RBI to regulate housing finance firms soon
RBI will soon get power to regulate housing finance companies (HFCs), which will almost certainly lead to the lenders facing stringent asset quality reviews, informed sources. However, this might lead to major repercussions for about 80 HFCs, including Indiabulls Housing Finance Ltd, Housing Development Finance Corporation and Dewan Housing Finance Corporation as they might face unprecedented scrutiny and the potential for major financial penalties and restriction on their activities if improper practices are discovered.
RBI, in late 2015, has started a similar review of bank assets amid allegations that lenders were hiding the extent of the bad debts on their books. During reviews of banks, the RBI had revealed a wide range of areas where lenders were under reporting their bad loans. It initially led to financial penalties for some lenders and eventually fed into decisions to impose tougher restrictions on their loan books while their bad debts remained high.
The housing finance companies, which are part of the broader shadow banking sector known as non-banking finance companies (NBFCs), are currently regulated by the National Housing Board, and the central bank has no direct authority over them. The other NBFCs are very loosely regulated, with various regulators including the RBI having some role but no one being fully accountable.
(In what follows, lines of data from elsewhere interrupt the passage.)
(* Let $D\geq2d+2$ and $0<\delta<\Delta/3$, with the setting and standing assumptions of the context. Let $\mathcal{A}_{1,\delta}$ be the set of $c\in\mathbb{R}^{D_{\alpha}}$ such that $\|c\|<a_{0}$ and $F_{c}(\xi_{j}(c))\neq F_{c}(x_{1})$ for every $j\in\{1,\ldots,m\}$ and every $x_{1}\in K$ satisfying $\|x_{1}-\xi_{i}(c)\|\geq3\delta$ for all $i\in\{1,\ldots,m\}$. Then every point of the open ball $\{c:\|c\|<a_{0}\}$ is a Lebesgue point of $\mathcal{A}_{1,\delta}$, and therefore the probability of $\mathcal{A}_{1,\delta}$ relative to this ball is $1$.
   Context: Notation: $\pi_{i}$ is the $i$-th coordinate projection on $\mathbb{R}^{d}$, $\mathbf{e}_{1}=(1,0,\ldots,0)$; for $\alpha\in\mathbb{Z}_{\geq0}^{d}$, $p_{\alpha}(x)=\prod_i(\pi_{i}x)^{\alpha_{i}}$; $\mathcal{I}_{2D-1}$ is the set of $\alpha$ with $|\alpha|=\sum\alpha_i\leq2D-1$, of cardinality $D_{\alpha}$; $c=(c_{\alpha})\in\mathbb{R}^{D_{\alpha}}$ with Euclidean norm. $\phi:\mathbb{R}^{d}\to\mathbb{R}^{d}$ is a diffeomorphism, $\phi_{c}(x)=\phi(x)+\mathbf{e}_{1}\sum_{\alpha}c_{\alpha}p_{\alpha}(x)$, and $F_{c}(x)=(\pi_{1}x,\pi_{1}\phi_{c}(x),\ldots,\pi_{1}\phi_{c}^{D-1}(x))$. Standing assumptions: $K$ is a compact ball centered at the origin, $K^{+}\supset K$ a larger compact ball with $\phi^{j}(x)\in K^{+}$ for $x\in K$, $0\leq j\leq D-1$; $a_{0}>0$ is such that $\phi_{c}^{j}(x)\in K^{+}$ for $x\in K$, $0\leq j\leq D-1$, $\|c\|\leq a_{0}$; and for all $\|c\|\leq a_{0}$: $\phi_{c}$ is a $C^{3}$ diffeomorphism; $\phi_{c}$ has exactly $m$ fixed points $\xi_{1}(c),\ldots,\xi_{m}(c)$ (labelled consistently in $c$); no other periodic points of period $<2D$; all fixed points hyperbolic with $\pi_{1}\xi_{i}(c)\neq\pi_{1}\xi_{j}(c)$ for $i\neq j$; $F_{c}$ immersive at each fixed point. $\Delta$ is the minimum distance between distinct fixed points of $\phi_{c}$ lying in $K$, over $\|c\|\leq a_{0}$. A point $\mathfrak{a}$ is a Lebesgue point of a measurable set $A$ if $\mu(A\cap B_{\epsilon}(\mathfrak{a}))/\mu(B_{\epsilon}(\mathfrak{a}))\to1$ as $\epsilon\to0$, where $B_\epsilon(\mathfrak a)$ is the open $\epsilon$-ball and $\mu$ Lebesgue measure; probability of $A$ relative to $B$ is $\mu(A\cap B)/\mu(B)$. *)

theory Defs
  imports "HOL-Analysis.Analysis"
begin

text \<open>Points of R^d are vectors of type real^'n (d = CARD('n)); a coordinate index
  i1 :: 'n plays the role of the first coordinate (pi_1, e_1).
  Multi-indices alpha are functions 'n => nat.\<close>

definition multi_idx :: "nat \<Rightarrow> ('n::finite \<Rightarrow> nat) set" where
  "multi_idx D = {\<alpha>. (\<Sum>i\<in>UNIV. \<alpha> i) \<le> 2 * D - 1}"

definition monom :: "('n::finite \<Rightarrow> nat) \<Rightarrow> real^'n \<Rightarrow> real" where
  "monom \<alpha> x = (\<Prod>i\<in>UNIV. (x $ i) ^ (\<alpha> i))"

text \<open>Coefficient vectors c in R^{D_alpha}: functions on the index set I
  (extensional, i.e. elements of PiE I (%_. UNIV)), with Euclidean norm.\<close>

definition cnorm :: "'a set \<Rightarrow> ('a \<Rightarrow> real) \<Rightarrow> real" where
  "cnorm I c = sqrt (\<Sum>\<alpha>\<in>I. (c \<alpha>)^2)"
The RBI’s oversight of HFCs will be a step towards the Indian authorities getting a firmer grip on the risky shadow banking sector that will help to contain any systemic problems. A series of debt defaults last year by major infrastructure financing group, Infrastructure Leasing and Financial Services (IL&FS), showed that much of the sector was highly leveraged. “There will be substantial improvement in regulation and supervision of all entities including NBFCs and HFCs once RBI has direct control over the housing finance firms,” one of the sources said.